YOUR INSTRUCTIONS: In the entries below, filter for the word "assumes" and copy every matching line.

INPUT:
- - -
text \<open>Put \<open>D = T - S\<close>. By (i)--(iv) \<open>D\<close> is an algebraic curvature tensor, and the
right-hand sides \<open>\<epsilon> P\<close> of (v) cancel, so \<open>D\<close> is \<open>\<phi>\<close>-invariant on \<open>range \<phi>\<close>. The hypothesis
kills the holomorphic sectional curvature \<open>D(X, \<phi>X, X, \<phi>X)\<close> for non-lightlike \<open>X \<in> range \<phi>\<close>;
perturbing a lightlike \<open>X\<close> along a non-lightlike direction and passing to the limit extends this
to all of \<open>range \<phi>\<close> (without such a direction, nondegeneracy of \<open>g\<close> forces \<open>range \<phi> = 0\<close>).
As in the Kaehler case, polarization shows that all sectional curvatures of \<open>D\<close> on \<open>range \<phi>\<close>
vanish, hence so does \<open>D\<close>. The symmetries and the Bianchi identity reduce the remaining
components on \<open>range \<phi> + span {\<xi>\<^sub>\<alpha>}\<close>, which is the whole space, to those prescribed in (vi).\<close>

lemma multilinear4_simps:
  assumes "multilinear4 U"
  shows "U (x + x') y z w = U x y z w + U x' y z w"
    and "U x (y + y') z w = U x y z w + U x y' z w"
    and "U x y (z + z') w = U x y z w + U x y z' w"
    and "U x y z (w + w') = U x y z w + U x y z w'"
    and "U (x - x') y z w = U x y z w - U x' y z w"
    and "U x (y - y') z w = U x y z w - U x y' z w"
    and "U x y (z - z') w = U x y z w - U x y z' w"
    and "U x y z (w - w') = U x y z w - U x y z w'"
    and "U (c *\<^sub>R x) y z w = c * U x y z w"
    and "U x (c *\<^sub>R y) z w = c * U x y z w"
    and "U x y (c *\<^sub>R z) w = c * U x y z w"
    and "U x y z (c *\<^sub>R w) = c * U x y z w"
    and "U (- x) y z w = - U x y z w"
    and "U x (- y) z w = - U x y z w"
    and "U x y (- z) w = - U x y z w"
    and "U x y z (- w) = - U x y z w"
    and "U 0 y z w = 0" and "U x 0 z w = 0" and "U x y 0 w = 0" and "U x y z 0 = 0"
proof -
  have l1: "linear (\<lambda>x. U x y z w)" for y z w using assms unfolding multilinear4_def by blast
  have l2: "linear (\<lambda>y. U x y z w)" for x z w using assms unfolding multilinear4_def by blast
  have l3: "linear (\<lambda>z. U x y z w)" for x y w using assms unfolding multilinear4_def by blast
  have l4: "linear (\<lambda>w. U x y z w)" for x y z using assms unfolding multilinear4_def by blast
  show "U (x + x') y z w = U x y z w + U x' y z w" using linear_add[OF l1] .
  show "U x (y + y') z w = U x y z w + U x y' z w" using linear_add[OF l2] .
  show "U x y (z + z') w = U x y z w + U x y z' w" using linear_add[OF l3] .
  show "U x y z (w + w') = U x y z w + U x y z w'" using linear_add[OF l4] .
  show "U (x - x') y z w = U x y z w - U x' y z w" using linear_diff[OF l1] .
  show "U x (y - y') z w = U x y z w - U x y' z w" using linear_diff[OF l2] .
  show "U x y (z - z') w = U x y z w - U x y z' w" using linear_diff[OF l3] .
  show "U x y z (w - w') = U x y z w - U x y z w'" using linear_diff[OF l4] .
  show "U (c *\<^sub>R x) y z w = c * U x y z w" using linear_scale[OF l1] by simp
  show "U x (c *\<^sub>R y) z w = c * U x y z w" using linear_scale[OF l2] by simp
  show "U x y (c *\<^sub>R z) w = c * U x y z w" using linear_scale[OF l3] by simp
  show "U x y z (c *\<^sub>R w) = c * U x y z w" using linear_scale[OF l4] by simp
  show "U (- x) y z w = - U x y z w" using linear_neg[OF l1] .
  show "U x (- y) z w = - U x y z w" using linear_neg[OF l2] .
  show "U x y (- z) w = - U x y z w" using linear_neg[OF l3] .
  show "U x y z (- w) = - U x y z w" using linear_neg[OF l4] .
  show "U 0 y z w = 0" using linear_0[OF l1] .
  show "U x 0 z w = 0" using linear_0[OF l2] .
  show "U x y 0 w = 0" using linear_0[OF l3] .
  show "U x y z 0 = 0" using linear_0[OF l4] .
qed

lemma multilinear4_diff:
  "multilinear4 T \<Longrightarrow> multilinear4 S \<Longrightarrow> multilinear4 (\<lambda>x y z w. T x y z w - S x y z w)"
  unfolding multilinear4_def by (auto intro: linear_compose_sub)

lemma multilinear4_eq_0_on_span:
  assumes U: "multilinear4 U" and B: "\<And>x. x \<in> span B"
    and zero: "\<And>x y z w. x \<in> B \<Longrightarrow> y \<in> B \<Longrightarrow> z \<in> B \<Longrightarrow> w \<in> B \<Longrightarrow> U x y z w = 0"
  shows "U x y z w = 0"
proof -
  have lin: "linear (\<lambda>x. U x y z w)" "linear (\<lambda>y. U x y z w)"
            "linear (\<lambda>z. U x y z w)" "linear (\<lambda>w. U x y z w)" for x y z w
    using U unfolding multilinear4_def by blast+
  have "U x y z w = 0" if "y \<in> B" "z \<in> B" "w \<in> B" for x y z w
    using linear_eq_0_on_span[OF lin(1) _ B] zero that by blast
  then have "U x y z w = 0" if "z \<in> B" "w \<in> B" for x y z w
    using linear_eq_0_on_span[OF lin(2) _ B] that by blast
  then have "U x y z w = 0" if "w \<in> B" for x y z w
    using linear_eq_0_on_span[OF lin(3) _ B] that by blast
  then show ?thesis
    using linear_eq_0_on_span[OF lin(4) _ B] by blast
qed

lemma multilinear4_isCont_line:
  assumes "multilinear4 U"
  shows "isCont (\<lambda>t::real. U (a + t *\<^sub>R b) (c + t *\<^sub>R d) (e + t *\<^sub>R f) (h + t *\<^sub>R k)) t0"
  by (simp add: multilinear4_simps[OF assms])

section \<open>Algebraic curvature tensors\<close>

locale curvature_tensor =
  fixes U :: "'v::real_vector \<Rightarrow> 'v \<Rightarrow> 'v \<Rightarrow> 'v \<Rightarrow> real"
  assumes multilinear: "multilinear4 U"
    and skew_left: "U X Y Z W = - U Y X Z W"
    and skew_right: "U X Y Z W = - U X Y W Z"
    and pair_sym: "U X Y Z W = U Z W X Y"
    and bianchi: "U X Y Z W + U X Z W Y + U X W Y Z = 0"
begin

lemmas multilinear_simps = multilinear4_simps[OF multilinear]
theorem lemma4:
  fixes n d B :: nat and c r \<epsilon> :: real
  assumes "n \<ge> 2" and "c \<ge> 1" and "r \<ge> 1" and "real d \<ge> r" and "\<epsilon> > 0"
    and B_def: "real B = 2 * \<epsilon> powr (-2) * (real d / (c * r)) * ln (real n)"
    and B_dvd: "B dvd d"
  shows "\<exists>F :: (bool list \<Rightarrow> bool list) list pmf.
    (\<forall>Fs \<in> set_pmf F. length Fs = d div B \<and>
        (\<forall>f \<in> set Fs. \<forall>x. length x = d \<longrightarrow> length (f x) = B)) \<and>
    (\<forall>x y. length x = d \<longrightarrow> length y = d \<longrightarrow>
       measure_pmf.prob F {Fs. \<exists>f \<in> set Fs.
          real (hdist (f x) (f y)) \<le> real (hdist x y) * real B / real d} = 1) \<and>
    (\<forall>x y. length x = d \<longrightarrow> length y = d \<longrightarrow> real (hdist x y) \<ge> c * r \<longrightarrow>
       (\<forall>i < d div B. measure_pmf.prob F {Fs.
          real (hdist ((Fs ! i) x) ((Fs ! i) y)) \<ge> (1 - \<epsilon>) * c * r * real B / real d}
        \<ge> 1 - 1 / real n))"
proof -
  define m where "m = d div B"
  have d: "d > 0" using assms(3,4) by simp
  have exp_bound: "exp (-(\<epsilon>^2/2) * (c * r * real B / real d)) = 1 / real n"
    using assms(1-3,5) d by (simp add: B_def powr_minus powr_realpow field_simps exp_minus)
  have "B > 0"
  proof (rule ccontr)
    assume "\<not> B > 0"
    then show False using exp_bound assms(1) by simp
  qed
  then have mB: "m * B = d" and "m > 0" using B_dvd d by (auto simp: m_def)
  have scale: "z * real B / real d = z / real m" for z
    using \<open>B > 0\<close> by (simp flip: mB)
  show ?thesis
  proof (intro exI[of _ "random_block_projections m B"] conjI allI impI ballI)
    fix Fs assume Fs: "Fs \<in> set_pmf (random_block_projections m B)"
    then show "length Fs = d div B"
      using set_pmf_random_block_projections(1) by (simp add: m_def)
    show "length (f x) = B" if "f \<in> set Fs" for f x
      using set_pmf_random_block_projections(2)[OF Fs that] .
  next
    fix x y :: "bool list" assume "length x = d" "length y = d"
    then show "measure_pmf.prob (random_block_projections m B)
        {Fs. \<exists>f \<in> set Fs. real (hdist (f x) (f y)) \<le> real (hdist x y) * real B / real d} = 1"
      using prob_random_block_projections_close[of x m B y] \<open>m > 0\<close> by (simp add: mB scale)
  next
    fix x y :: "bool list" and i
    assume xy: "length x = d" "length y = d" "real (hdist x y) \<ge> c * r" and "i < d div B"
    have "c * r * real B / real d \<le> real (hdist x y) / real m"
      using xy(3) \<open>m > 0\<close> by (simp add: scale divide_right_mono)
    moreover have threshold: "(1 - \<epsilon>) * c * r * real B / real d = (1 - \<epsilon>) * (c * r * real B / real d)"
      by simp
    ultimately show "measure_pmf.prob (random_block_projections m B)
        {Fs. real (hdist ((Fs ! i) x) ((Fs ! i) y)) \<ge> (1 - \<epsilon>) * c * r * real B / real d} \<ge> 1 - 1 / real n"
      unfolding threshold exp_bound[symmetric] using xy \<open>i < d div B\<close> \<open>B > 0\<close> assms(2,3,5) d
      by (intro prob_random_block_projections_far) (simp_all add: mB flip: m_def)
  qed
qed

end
- - -
YOUR RESPONSE:
  assumes "multilinear4 U"
  assumes U: "multilinear4 U" and B: "\<And>x. x \<in> span B"
  assumes "multilinear4 U"
  assumes multilinear: "multilinear4 U"
  assumes "n \<ge> 2" and "c \<ge> 1" and "r \<ge> 1" and "real d \<ge> r" and "\<epsilon> > 0"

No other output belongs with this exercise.